(* Let $y,\tilde{y},l,\tilde{l},u,\tilde{u}\in\mathcal{R}(\mathbb{R}^{+},\mathbb{R})$ with $l\leq u$, $\tilde l\leq\tilde u$, $l_0\leq y_0\leq u_0$, $\tilde l_0\leq\tilde y_0\leq\tilde u_0$, and $\inf_{s\leq t}(u_s-l_s)>0$, $\inf_{s\leq t}(\tilde u_s-\tilde l_s)>0$ for all $t\geq0$. Let $(x,k)$ and $(\tilde{x},\tilde{k})$ be the solutions of $RP^u_l(y)$ and $RP^{\tilde{u}}_{\tilde{l}}(\tilde{y})$ respectively. Let $T>0$ and $\|f\|_{<T}=\sup_{0\leq s<T}|f_s|$. Then $$\|k-\tilde{k}\|_{<T}\leq 2\big(\|y-\tilde{y}\|_{<T}+\|l-\tilde{l}\|_{<T}+\|u-\tilde{u}\|_{<T}\big),$$ $$\|x-\tilde{x}\|_{<T}\leq 3\big(\|y-\tilde{y}\|_{<T}+\|l-\tilde{l}\|_{<T}+\|u-\tilde{u}\|_{<T}\big).$$
   Context: A function $f:\mathbb{R}^+=[0,\infty)\to\mathbb{R}$ is regulated if it has a left limit $f_{t^-}$ at every $t>0$ and a right limit $f_{t^+}$ at every $t\geq0$; $\mathcal{R}(\mathbb{R}^{+},\mathbb{R})$ is the set of regulated functions. Write $\Delta^+f_t=f_{t^+}-f_t$, $a\wedge b=\min(a,b)$, $a\vee b=\max(a,b)$. For a function $\phi$ of bounded variation, $\phi^r_t=\phi^c_t+\sum_{0<s\leq t}(\phi_s-\phi_{s^-})$ is its right-continuous part ($\phi^c$ the continuous part). Two-barrier problem $RP^u_l(y)$ (with $l_0\leq y_0\leq u_0$): $(x,k)$ regulated is a solution if there are $\phi^1,\phi^2$ with (i) $x=y+k$, $k=\phi^1-\phi^2$; (ii) $l\leq x\leq u$; (iii) $\phi^1,\phi^2$ non-decreasing, $\phi^1_0=\phi^2_0=0$; (iv) $\int_{[0,\infty[}\big((x_s-l_s)\wedge(x_{s^+}-l_{s^+})\big)d\phi^{1,r}_s=\int_{[0,\infty[}\big((u_s-x_s)\wedge(u_{s^+}-x_{s^+})\big)d\phi^{2,r}_s=0$; (v) for all $t$, $\sum_{s\leq t}(x_{s^+}-l_{s^+})\Delta^+\phi^1_s=\sum_{s\leq t}(u_s-x_s)\Delta^+\phi^1_s=0$ and $\sum_{s\leq t}(u_{s^+}-x_{s^+})\Delta^+\phi^2_s=\sum_{s\leq t}(x_s-l_s)\Delta^+\phi^2_s=0$. Under the stated hypotheses the solution exists and is unique. *)

theory Defs
  imports "HOL-Analysis.Analysis"
begin

text \<open>Functions on R+ = [0,oo) are modelled as real => real; values at negative
  arguments are irrelevant.\<close>

definition regulated :: "(real \<Rightarrow> real) \<Rightarrow> bool" where
  "regulated f \<longleftrightarrow>
     (\<forall>t>0. \<exists>L. (f \<longlongrightarrow> L) (at_left t)) \<and>
     (\<forall>t\<ge>0. \<exists>R. (f \<longlongrightarrow> R) (at_right t))"

definition lft :: "(real \<Rightarrow> real) \<Rightarrow> real \<Rightarrow> real" where
  "lft f t = Lim (at_left t) f"

definition rgt :: "(real \<Rightarrow> real) \<Rightarrow> real \<Rightarrow> real" where
  "rgt f t = Lim (at_right t) f"

definition djump :: "(real \<Rightarrow> real) \<Rightarrow> real \<Rightarrow> real" where
  "djump f t = rgt f t - f t"

definition cont_part :: "(real \<Rightarrow> real) \<Rightarrow> real \<Rightarrow> real" where
  "cont_part \<phi> t =
     \<phi> t - (\<Sum>\<^sub>\<infinity>s\<in>{0<..t}. \<phi> s - lft \<phi> s) - (\<Sum>\<^sub>\<infinity>s\<in>{0..<t}. djump \<phi> s)"

text \<open>Right-continuous part phi^r_t = phi^c_t + sum_{0<s<=t} (phi_s - phi_{s-}),
  extended by 0 to negative times (so that it defines a measure on the line).\<close>
definition rc_part :: "(real \<Rightarrow> real) \<Rightarrow> real \<Rightarrow> real" where
  "rc_part \<phi> t =
     (if t < 0 then 0 else cont_part \<phi> t + (\<Sum>\<^sub>\<infinity>s\<in>{0<..t}. \<phi> s - lft \<phi> s))"

definition is_RP_solution ::
  "(real \<Rightarrow> real) \<Rightarrow> (real \<Rightarrow> real) \<Rightarrow> (real \<Rightarrow> real) \<Rightarrow> (real \<Rightarrow> real) \<Rightarrow> (real \<Rightarrow> real) \<Rightarrow> bool"
where
  "is_RP_solution l u y x k \<longleftrightarrow>
     regulated x \<and> regulated k \<and>
     (\<exists>\<phi>1 \<phi>2.
        (\<forall>t\<ge>0. x t = y t + k t) \<and> (\<forall>t\<ge>0. k t = \<phi>1 t - \<phi>2 t) \<and>
        (\<forall>t\<ge>0. l t \<le> x t \<and> x t \<le> u t) \<and>
        mono_on {0..} \<phi>1 \<and> mono_on {0..} \<phi>2 \<and> \<phi>1 0 = 0 \<and> \<phi>2 0 = 0 \<and>
        (\<integral>\<^sup>+ s\<in>{0..}. ennreal (min (x s - l s) (rgt x s - rgt l s))
            \<partial>interval_measure (rc_part \<phi>1)) = 0 \<and>
        (\<integral>\<^sup>+ s\<in>{0..}. ennreal (min (u s - x s) (rgt u s - rgt x s))
            \<partial>interval_measure (rc_part \<phi>2)) = 0 \<and>
        (\<forall>t\<ge>0.
           ((\<lambda>s. (rgt x s - rgt l s) * djump \<phi>1 s) has_sum 0) {0..t} \<and>
           ((\<lambda>s. (u s - x s) * djump \<phi>1 s) has_sum 0) {0..t} \<and>
           ((\<lambda>s. (rgt u s - rgt x s) * djump \<phi>2 s) has_sum 0) {0..t} \<and>
           ((\<lambda>s. (x s - l s) * djump \<phi>2 s) has_sum 0) {0..t}))"

definition supnorm_lt :: "real \<Rightarrow> (real \<Rightarrow> real) \<Rightarrow> real" where
  "supnorm_lt T f = (SUP s\<in>{0..<T}. \<bar>f s\<bar>)"

end

theory Submission
  imports Defs
begin

text \<open>
  Let d be the sum of the sup-distances of y, l, u from y', l', u' on [0,T[. We show the
  pointwise bound |k - k'| \<le> d on [0,T[, i.e. the constants 1 and 2 instead of 2 and 3;
  the bound for x follows from x - x' = (y - y') + (k - k').

  Write k = \<phi>1 - \<phi>2 and k' = \<phi>1' - \<phi>2', and suppose k t - k' t > c > d. Let \<tau> be
  the last time before t at which k - k' \<le> c. On ]\<tau>,t] we have
  x - x' = (y - y') + (k - k') > \<parallel>l - l'\<parallel> + \<parallel>u - u'\<parallel>, so x (and its right limit) stays
  away from l and x' stays away from u'. The complementarity conditions then forbid \<phi>1
  and \<phi>2' to grow there, by jumps or by their right-continuous parts, except on a null
  set. As k - k' can only increase through \<phi>1 and \<phi>2', k t - k' t exceeds k a - k' a \<le> c
  by arbitrarily little for suitable a \<le> \<tau> close to \<tau>: a contradiction.

  The separation of the barriers and the admissibility of the initial values are needed
  only for existence of solutions and are not used here.
\<close>

section \<open>Regulated functions\<close>

lemma tendsto_rgtI:
  fixes f :: "real \<Rightarrow> real"
  assumes "(f \<longlongrightarrow> R) (at_right t)"
  shows "(f \<longlongrightarrow> rgt f t) (at_right t)"
proof -
  have "rgt f t = R" unfolding rgt_def by (rule tendsto_Lim) (simp_all add: assms)
  with assms show ?thesis by simp
qed

lemma regulated_tendsto_rgt:
  assumes "regulated f" "0 \<le> t"
  shows "(f \<longlongrightarrow> rgt f t) (at_right t)"
  using assms unfolding regulated_def by (metis tendsto_rgtI)

lemma regulated_diff:
  assumes "regulated f" "regulated g"
  shows "regulated (\<lambda>s. f s - g s)"
proof -
  have "\<exists>L. ((\<lambda>s. f s - g s) \<longlongrightarrow> L) F" if "\<exists>L. (f \<longlongrightarrow> L) F" "\<exists>L. (g \<longlongrightarrow> L) F" for F
    using that by (blast intro: tendsto_diff)
  with assms show ?thesis unfolding regulated_def by blast
qed

lemma rgt_le_rgt:
  assumes "regulated f" "regulated g" "0 \<le> s" "\<And>z. 0 \<le> z \<Longrightarrow> f z \<le> g z"
  shows "rgt f s \<le> rgt g s"
proof (rule tendsto_le[OF _ regulated_tendsto_rgt regulated_tendsto_rgt])
  show "\<forall>\<^sub>F z in at_right s. f z \<le> g z"
    using eventually_at_right_less[of s] by eventually_elim (use assms in auto)
qed (use assms in auto)

lemma abs_rgt_diff_le:
  assumes "regulated f" "regulated g" "0 \<le> s" "s < T"
    and "\<And>z. z \<in> {0..<T} \<Longrightarrow> \<bar>f z - g z\<bar> \<le> d"
  shows "\<bar>rgt f s - rgt g s\<bar> \<le> d"
proof (rule tendsto_upperbound)
  show "((\<lambda>z. \<bar>f z - g z\<bar>) \<longlongrightarrow> \<bar>rgt f s - rgt g s\<bar>) (at_right s)"
    using assms by (intro tendsto_intros regulated_tendsto_rgt)
  show "\<forall>\<^sub>F z in at_right s. \<bar>f z - g z\<bar> \<le> d"
    using assms by (intro eventually_at_rightI[of s T]) auto
qed simp

lemma regulated_locally_bounded:
  assumes "regulated f" "0 \<le> t"
  shows "\<exists>U. open U \<and> t \<in> U \<and> bounded (f ` (U \<inter> {0..}))"
proof -
  have bounded_near: "\<forall>\<^sub>F z in F. \<bar>f z\<bar> \<le> \<bar>L\<bar> + 1" if "(f \<longlongrightarrow> L) F" for L F
    using tendstoD[OF that zero_less_one] by eventually_elim (auto simp: dist_real_def)
  obtain R where "(f \<longlongrightarrow> R) (at_right t)" using assms unfolding regulated_def by blast
  then have right: "\<forall>\<^sub>F z in at_right t. \<bar>f z\<bar> \<le> \<bar>R\<bar> + 1" by (rule bounded_near)
  obtain L where left: "\<forall>\<^sub>F z in at_left t. 0 \<le> z \<longrightarrow> \<bar>f z\<bar> \<le> \<bar>L\<bar> + 1"
  proof (cases "t = 0")
    case True
    have "\<forall>\<^sub>F z in at_left t. z < 0" using True by (intro eventually_at_leftI[of "-1"]) auto
    then show ?thesis by (intro that[of 0]) (auto elim: eventually_mono)
  next
    case False
    then obtain L where "(f \<longlongrightarrow> L) (at_left t)" using assms unfolding regulated_def by force
    then show ?thesis using that bounded_near by (metis (mono_tags, lifting) eventually_mono)
  qed
  define B where "B = max \<bar>f t\<bar> (max (\<bar>R\<bar> + 1) (\<bar>L\<bar> + 1))"
  have "\<forall>\<^sub>F z in at_left t. 0 \<le> z \<longrightarrow> \<bar>f z\<bar> \<le> B"
    using left by eventually_elim (auto simp: B_def le_max_iff_disj)
  moreover have "\<forall>\<^sub>F z in at_right t. 0 \<le> z \<longrightarrow> \<bar>f z\<bar> \<le> B"
    using right by eventually_elim (auto simp: B_def le_max_iff_disj)
  ultimately have "\<forall>\<^sub>F z in at t. 0 \<le> z \<longrightarrow> \<bar>f z\<bar> \<le> B"
    unfolding eventually_at_split by blast
  then obtain U where U: "open U" "t \<in> U" "\<And>z. z \<in> U \<Longrightarrow> z \<noteq> t \<Longrightarrow> 0 \<le> z \<longrightarrow> \<bar>f z\<bar> \<le> B"
    unfolding eventually_at_topological by blast
  have "f ` (U \<inter> {0..}) \<subseteq> cball 0 B"
    using U(3) by (force simp: B_def)
  then show ?thesis using U(1,2) bounded_subset[OF bounded_cball] by blast
qed

lemma regulated_bounded_Icc:
  assumes "regulated f"
  shows "bounded (f ` {0..T})"
proof -
  let ?\<U> = "{U. open U \<and> bounded (f ` (U \<inter> {0..}))}"
  have "{0..T} \<subseteq> \<Union>?\<U>" using regulated_locally_bounded[OF assms] by force
  then obtain \<V> where \<V>: "\<V> \<subseteq> ?\<U>" "finite \<V>" "{0..T} \<subseteq> \<Union>\<V>"
    by (rule compactE[OF compact_Icc]) auto
  then have "f ` {0..T} \<subseteq> (\<Union>U\<in>\<V>. f ` (U \<inter> {0..}))" by fastforce
  moreover have "bounded (\<Union>U\<in>\<V>. f ` (U \<inter> {0..}))" using \<V> by (intro bounded_UN) auto
  ultimately show ?thesis by (rule bounded_subset[rotated])
qed

lemma abs_le_supnorm_lt:
  assumes "regulated f" "s \<in> {0..<T}"
  shows "\<bar>f s\<bar> \<le> supnorm_lt T f"
proof -
  obtain B where "\<And>z. z \<in> {0..T} \<Longrightarrow> \<bar>f z\<bar> \<le> B"
    using regulated_bounded_Icc[OF assms(1), of T] unfolding bounded_real by blast
  then have "bdd_above ((\<lambda>s. \<bar>f s\<bar>) ` {0..<T})" by (intro bdd_aboveI2[where M = B]) auto
  then show ?thesis unfolding supnorm_lt_def using assms(2) by (rule cSUP_upper2) simp
qed

lemma supnorm_lt_le:
  assumes "0 < T" "\<And>s. s \<in> {0..<T} \<Longrightarrow> \<bar>f s\<bar> \<le> C"
  shows "supnorm_lt T f \<le> C"
  unfolding supnorm_lt_def using assms by (intro cSUP_least) auto

section \<open>Jumps and right-continuous part of a nondecreasing function\<close>

lemma mono_on_tendsto_rgt:
  fixes \<phi> :: "real \<Rightarrow> real"
  assumes "mono_on {0..} \<phi>" "0 \<le> s"
  shows "(\<phi> \<longlongrightarrow> rgt \<phi> s) (at_right s)"
proof -
  have "(\<phi> \<longlongrightarrow> Inf (\<phi> ` ({s<..} \<inter> {0..}))) (at s within ({s<..} \<inter> {0..}))"
    by (rule Lim_right_bound[where K = "\<phi> s"]) (use assms in \<open>auto simp: mono_on_def\<close>)
  moreover have "{s<..} \<inter> {0..} = {s<..}" using assms by auto
  ultimately show ?thesis by (auto intro: tendsto_rgtI)
qed

lemma mono_on_le_rgt:
  fixes \<phi> :: "real \<Rightarrow> real"
  assumes "mono_on {0..} \<phi>" "0 \<le> s"
  shows "\<phi> s \<le> rgt \<phi> s"
proof (rule tendsto_lowerbound[OF mono_on_tendsto_rgt[OF assms]])
  show "\<forall>\<^sub>F z in at_right s. \<phi> s \<le> \<phi> z"
    using eventually_at_right_less[of s] by eventually_elim (use assms in \<open>auto simp: mono_on_def\<close>)
qed simp

lemma mono_on_rgt_le:
  fixes \<phi> :: "real \<Rightarrow> real"
  assumes "mono_on {0..} \<phi>" "0 \<le> s" "s < r"
  shows "rgt \<phi> s \<le> \<phi> r"
proof (rule tendsto_upperbound[OF mono_on_tendsto_rgt[OF assms(1,2)]])
  show "\<forall>\<^sub>F z in at_right s. \<phi> z \<le> \<phi> r"
    using assms by (intro eventually_at_rightI[of s r]) (auto simp: mono_on_def)
qed simp

lemma djump_nonneg:
  assumes "mono_on {0..} \<phi>" "0 \<le> s"
  shows "0 \<le> djump \<phi> s"
  using mono_on_le_rgt[OF assms] unfolding djump_def by simp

_AIM OF THE TASK_. From the records above, retype only the lines starting at the line that contains "x k \<longleftrightarrow>" and ending at the line that contains "the last time", both included.

_TASK SOLUTION_.
  "is_RP_solution l u y x k \<longleftrightarrow>
     regulated x \<and> regulated k \<and>
     (\<exists>\<phi>1 \<phi>2.
        (\<forall>t\<ge>0. x t = y t + k t) \<and> (\<forall>t\<ge>0. k t = \<phi>1 t - \<phi>2 t) \<and>
        (\<forall>t\<ge>0. l t \<le> x t \<and> x t \<le> u t) \<and>
        mono_on {0..} \<phi>1 \<and> mono_on {0..} \<phi>2 \<and> \<phi>1 0 = 0 \<and> \<phi>2 0 = 0 \<and>
        (\<integral>\<^sup>+ s\<in>{0..}. ennreal (min (x s - l s) (rgt x s - rgt l s))
            \<partial>interval_measure (rc_part \<phi>1)) = 0 \<and>
        (\<integral>\<^sup>+ s\<in>{0..}. ennreal (min (u s - x s) (rgt u s - rgt x s))
            \<partial>interval_measure (rc_part \<phi>2)) = 0 \<and>
        (\<forall>t\<ge>0.
           ((\<lambda>s. (rgt x s - rgt l s) * djump \<phi>1 s) has_sum 0) {0..t} \<and>
           ((\<lambda>s. (u s - x s) * djump \<phi>1 s) has_sum 0) {0..t} \<and>
           ((\<lambda>s. (rgt u s - rgt x s) * djump \<phi>2 s) has_sum 0) {0..t} \<and>
           ((\<lambda>s. (x s - l s) * djump \<phi>2 s) has_sum 0) {0..t}))"

definition supnorm_lt :: "real \<Rightarrow> (real \<Rightarrow> real) \<Rightarrow> real" where
  "supnorm_lt T f = (SUP s\<in>{0..<T}. \<bar>f s\<bar>)"

end

theory Submission
  imports Defs
begin

text \<open>
  Let d be the sum of the sup-distances of y, l, u from y', l', u' on [0,T[. We show the
  pointwise bound |k - k'| \<le> d on [0,T[, i.e. the constants 1 and 2 instead of 2 and 3;
  the bound for x follows from x - x' = (y - y') + (k - k').

  Write k = \<phi>1 - \<phi>2 and k' = \<phi>1' - \<phi>2', and suppose k t - k' t > c > d. Let \<tau> be
  the last time before t at which k - k' \<le> c. On ]\<tau>,t] we have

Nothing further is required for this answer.